Epidemiological analyses have linked hypertension to an increased risk of pneumonia. This study from the UK biobank confirmed this correlation and found that there is a genetic predisposition to increased blood pressure. These results suggest that elevated blood pressure may be a causal risk factor for pneumonia.
Blood Pressure and Pneumonia
Hypertension is a common and modifiable risk factor for cardiovascular disease and mortality. Previous epidemiologic analyses have linked hypertension with the risk of developing pneumonia. More recently, it has also been linked to pneumonia resulting from severe acute respiratory syndrome coronavirus 2 (SARS-CoV-2) infection.
However, while epidemiological analyses support a plausible link between blood pressure regulation and respiratory infection, many of these findings are often confounded by co-morbid conditions.
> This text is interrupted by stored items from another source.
lemma bridge_split_Tens_Id:
  assumes "bridge_split f C R"
  shows "bridge_split (Tens f (Id B)) C (Comp (Tens (Id (tdom f)) (sigma B (tcod C))) (Tens R (Id B)))"
proof -
  let ?A = "tdom f" and ?X = "tcod C"
  let ?M = "Tens (Id ?A) (sigma B ?X)"
  have wt: "welltyped C" "tdom C = []" "welltyped R" "tdom R = ?A @ ?X"
    using assms by (simp_all add: bridge_split_def)
  have "eqv_sim (Tens f (Id B)) (Tens (Comp (Tens (Id ?A) C) R) (Comp (Id B) (Id B)))"
    using assms by (intro eqv_sim_Tens eqv_sim_sym[OF eqv_sim_id_left]) (auto simp: bridge_split_def)
  also have "eqv_sim \<dots> (Comp (Tens (Tens (Id ?A) C) (Id B)) (Tens R (Id B)))"
    by (rule eqv_sim_interchange) (use wt in auto)
  also have "eqv_sim \<dots> (Comp (Comp (Tens (Id (?A @ B)) C) ?M) (Tens R (Id B)))"
  proof (rule eqv_sim_Comp[OF _ eqv_sim_refl])
    have "eqv_sim (Tens (Tens (Id ?A) C) (Id B)) (Tens (Id ?A) (Tens C (Id B)))"
      by (rule eqv_sim_tens_assoc) (use wt in auto)
    also have "eqv_sim \<dots> (Tens (Comp (Id ?A) (Id ?A)) (Comp (Tens (Id B) C) (sigma B ?X)))"
      by (rule eqv_sim_Tens[OF eqv_sim_sym[OF eqv_sim_id_left] eqv_sim_swap[OF wt(1,2)]]) auto
    also have "eqv_sim \<dots> (Comp (Tens (Id ?A) (Tens (Id B) C)) ?M)"
      by (rule eqv_sim_interchange) (use wt in auto)
    also have "eqv_sim \<dots> (Comp (Tens (Id (?A @ B)) C) ?M)"
      using eqv_sim_tens_assoc[of "Id ?A" "Id B" C] eqv_sim_tens_id[of ?A B] wt
      by (intro eqv_sim_Comp[OF _ eqv_sim_refl])
        (auto intro: eqv_sim_trans eqv_sim_sym eqv_sim_Tens eqv_sim_refl)
    finally show "eqv_sim (Tens (Tens (Id ?A) C) (Id B)) (Comp (Tens (Id (?A @ B)) C) ?M)" .
  qed (use wt in auto)
  also have "eqv_sim \<dots> (Comp (Tens (Id (?A @ B)) C) (Comp ?M (Tens R (Id B))))"
    by (rule eqv_sim_comp_assoc) (use wt in auto)
  finally show ?thesis
    using assms by (auto simp: bridge_split_def)
qed

lemma bridge_split_Tens:
  assumes "bridge_split f C1 R1" and "bridge_split g C2 R2"
  shows "\<exists>C R. bridge_split (Tens f g) C R"
proof -
  have wt: "welltyped f" "welltyped g"
    using assms eqv_sim_welltyped by (auto simp: bridge_split_def)
  have "bridge_split (Comp (Tens f (Id (tdom g))) (Tens (Id (tcod f)) g)) (Tens C1 C2)
      (Comp (Tens (Comp (Tens (Id (tdom f)) (sigma (tdom g) (tcod C1))) (Tens R1 (Id (tdom g))))
        (Id (tcod C2))) (Tens (Id (tcod f)) R2))"
    using bridge_split_Comp[OF bridge_split_Tens_Id[OF assms(1)] bridge_split_Id_Tens[OF assms(2)]]
    by simp
  then show ?thesis
    using bridge_split_eqv_sim[OF eqv_sim_Tens_as_Comp[OF wt]] by blast
qed
(* Let $\Gamma=(U\cup V,E)$ be a $3$-regular bipartite graph with bipartition $U,V$, and let $M$ be the $n\times n$ matrix described in the context. If $\Gamma$ has an odd number of perfect matchings, then $\det(M)\neq 0$.
   Context: Construction of $\hat\Gamma$: for each vertex $v$ of $\Gamma$ with neighbours $x,y,z$, there are four inner vertices $a_{v,S}$, one for each subset $S\subseteq\{x,y,z\}$ of even size (the set $I_v$), and six outer vertices $b_{v,u,0},b_{v,u,1}$ for $u\in\{x,y,z\}$ (the set $O_v$). Within the gadget, $a_{v,S}$ is adjacent to $b_{v,u,1}$ if $u\in S$ and to $b_{v,u,0}$ if $u\notin S$. For each edge $e=\{u,v\}\in E$ and $i\in\{0,1\}$ there is an edge $e_i$ joining $b_{v,u,i}$ and $b_{u,v,i}$. No other edges. Let $X=\bigcup_{v\in U}I_v\cup\bigcup_{v\in V}O_v$ and $Y=\bigcup_{v\in V}I_v\cup\bigcup_{v\in U}O_v$; all edges of $\hat\Gamma$ join $X$ to $Y$ and $|X|=|Y|=n=10|U|$. Fix arbitrary bijections $\eta:X\to[n]$ and $\eta':Y\to[n]$, and let $M$ be the $n\times n$ $\{0,1\}$-matrix (over a field of characteristic $0$, e.g. the rationals) with $M(\eta(x),\eta'(y))=1$ iff $x$ and $y$ are adjacent in $\hat\Gamma$, and $0$ otherwise. *)

theory Defs
  imports Main "Jordan_Normal_Form.Determinant"
begin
Therefore, it is unclear whether hypertension is the direct cause of pneumonia development or whether other factors such as age, diabetes mellitus, air pollution or smoking play a greater role.
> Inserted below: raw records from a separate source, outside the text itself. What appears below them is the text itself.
lemma commutator_mul_mul: "commutator (mul z) (mul w) = (\<lambda>v. 0)"
  by (rule ext) (simp add: commutator_def mul_assoc[symmetric] mul_commute[of z w])

definition br_ops :: "nat \<Rightarrow> ('v \<Rightarrow> 'v) set" where
  "br_ops k = {br_op ys | ys i. length ys = n - 1 \<and> i < n - 1 \<and> ys ! i \<in> derived k}"

definition br_ops_into :: "nat \<Rightarrow> ('v \<Rightarrow> 'v) set" where
  "br_ops_into k = {br_op ys | ys. length ys = n - 1 \<and> range (br_op ys) \<subseteq> derived k}"

lemma br_ops_subset_br_ops_into: "br_ops k \<subseteq> br_ops_into k"
  unfolding br_ops_def br_ops_into_def br_op_def
  by (force intro: br_in_derived simp: nth_append)

lemma br_op_in_br_ops_into_Suc:
  assumes "length ys = n - 1" "i < n - 1" "j < n - 1" "i \<noteq> j"
    and "ys ! i \<in> derived k" "ys ! j \<in> derived k"
  shows "br_op ys \<in> br_ops_into (Suc k)"
  unfolding br_ops_into_def br_op_def
  using assms by (force intro: br_in_derived_Suc[of _ i j] simp: nth_append)

lemma commutator_br_ops_into:
  assumes "g \<in> br_ops_into r" and y: "length y = n - 1"
  shows "commutator g (br_op y) \<in> add_closure (br_ops r)"
proof -
  obtain x where x: "g = br_op x" "length x = n - 1" "range (br_op x) \<subseteq> derived r"
    using assms(1) unfolding br_ops_into_def by blast
  have "br_op (y[i := br (x @ [y ! i])]) \<in> br_ops r" if "i < n - 1" for i
    using x y that unfolding br_ops_def br_op_def by force
  then show ?thesis
    unfolding x(1) commutator_br_op_br_op[OF x(2) y] by (intro add_closure_sum) auto
qed

lemma commutator_br_ops:
  assumes "g \<in> br_ops k" "h \<in> br_ops k"
  shows "commutator g h \<in> add_closure (br_ops_into (Suc k))"
proof -
  obtain x p where x: "g = br_op x" "length x = n - 1" "p < n - 1" "x ! p \<in> derived k"
    using assms(1) by (auto simp: br_ops_def)
  obtain y q where y: "h = br_op y" "length y = n - 1" "q < n - 1" "y ! q \<in> derived k"
    using assms(2) by (auto simp: br_ops_def)
  have "br_op (y[i := br (x @ [y ! i])]) \<in> br_ops_into (Suc k)" if i: "i < n - 1" for i
  proof (cases "i = q")
    case True
    then have "br (x @ [y ! i]) \<in> derived (Suc k)"
      using x y n_ge_2 by (intro br_in_derived_Suc[of _ p "n - 1"]) (auto simp: nth_append)
    then have "br_op (y[i := br (x @ [y ! i])]) \<in> br_ops (Suc k)"
      using y(2) i unfolding br_ops_def by force
    then show ?thesis
      using br_ops_subset_br_ops_into by blast
  next
    case False
    have "br (x @ [y ! i]) \<in> derived k"
      using x n_ge_2 by (intro br_in_derived[of _ p]) (auto simp: nth_append)
    then show ?thesis
      using y i False by (intro br_op_in_br_ops_into_Suc[of _ i q]) auto
  qed
  then show ?thesis
    unfolding x(1) y(1) commutator_br_op_br_op[OF x(2) y(2)] by (intro add_closure_sum) auto
qed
Alternatively, Mendelian randomisation is a statistical genetic approach which allows for the unbiased testing for a causal genetic factor. Blood pressure is a highly heritable trait, with several known genomic loci. Therefore, the UK biobank used Mendelian randomisation to test the hypothesis that blood pressure independently influences the risk of pneumonia and reduced pulmonary function.
Results
The study covered 377,143 individuals, and tested whether a genetic predisposition for increased blood pressure was correlated to an increased risk for pneumonia.
Their findings confirmed that hypertension is a risk factor for pneumonia and many other respiratory diseases. They also suggest that there is a genetic predisposition to increased blood pressure, contributed to by at least 75 independent genetic variants. The researchers also completed epidemiological analyses which again revealed an association between hypertension and increased pulmonary obstruction. Mendelian randomisation studies further supported this causal relationship.
Implications for Pneumonia
These findings may have several implications for the prevention of pneumonia. Hypertension has been suggested to promote infection through a variety of mechanisms. Firstly, it may promote the dysregulation of the adaptive immune response, which has been supported by recent Mendelian randomisation studies. Moreover, hypertension can cause endothelial dysfunction, which may promote infection.
Previous studies have also linked hypertension to decreased pulmonary function and increased pulmonary obstruction. Chronic obstructive pulmonary disease (COPD) is also a well-established risk factor for pneumonia, and is co-morbid with several cardiovascular risk factors, including hypertension. This study demonstrated that increased blood pressure may causally lead to increased pulmonary obstruction. This represents a potential mechanism towards an increased risk of pneumonia.
Therefore, blood pressure optimization is likely to reduce the risk of developing pneumonia. The results of this study align with current recommendations to maintain stable, normal blood pressure.
Study Strengths
This study involved the analysis of a large, genotyped population-based cohort. They used both high-fidelity phenotyping and included subclinical respiratory phenotypes. Such diverse phenotyping allows more specific and sensitive analyses. The incorporation of mendelian randomisation also allowed a more robust causal inference for the role of hypertension.
Limitations
The study was conducted among individuals of white British ancestry, therefore the generalisability of these results to other ethnicities and geographic regions remains to be tested. The model used also assumes that genetic factors produce a direct impact and are not confounded by pleiotropy. While analyses were conducted to identify potential confounders, this may limit findings.
The authors also highlight that these outcomes were concluded prior to the COVID-19 pandemic and therefore generalisation of these findings to COVID-19 cases will require further verification.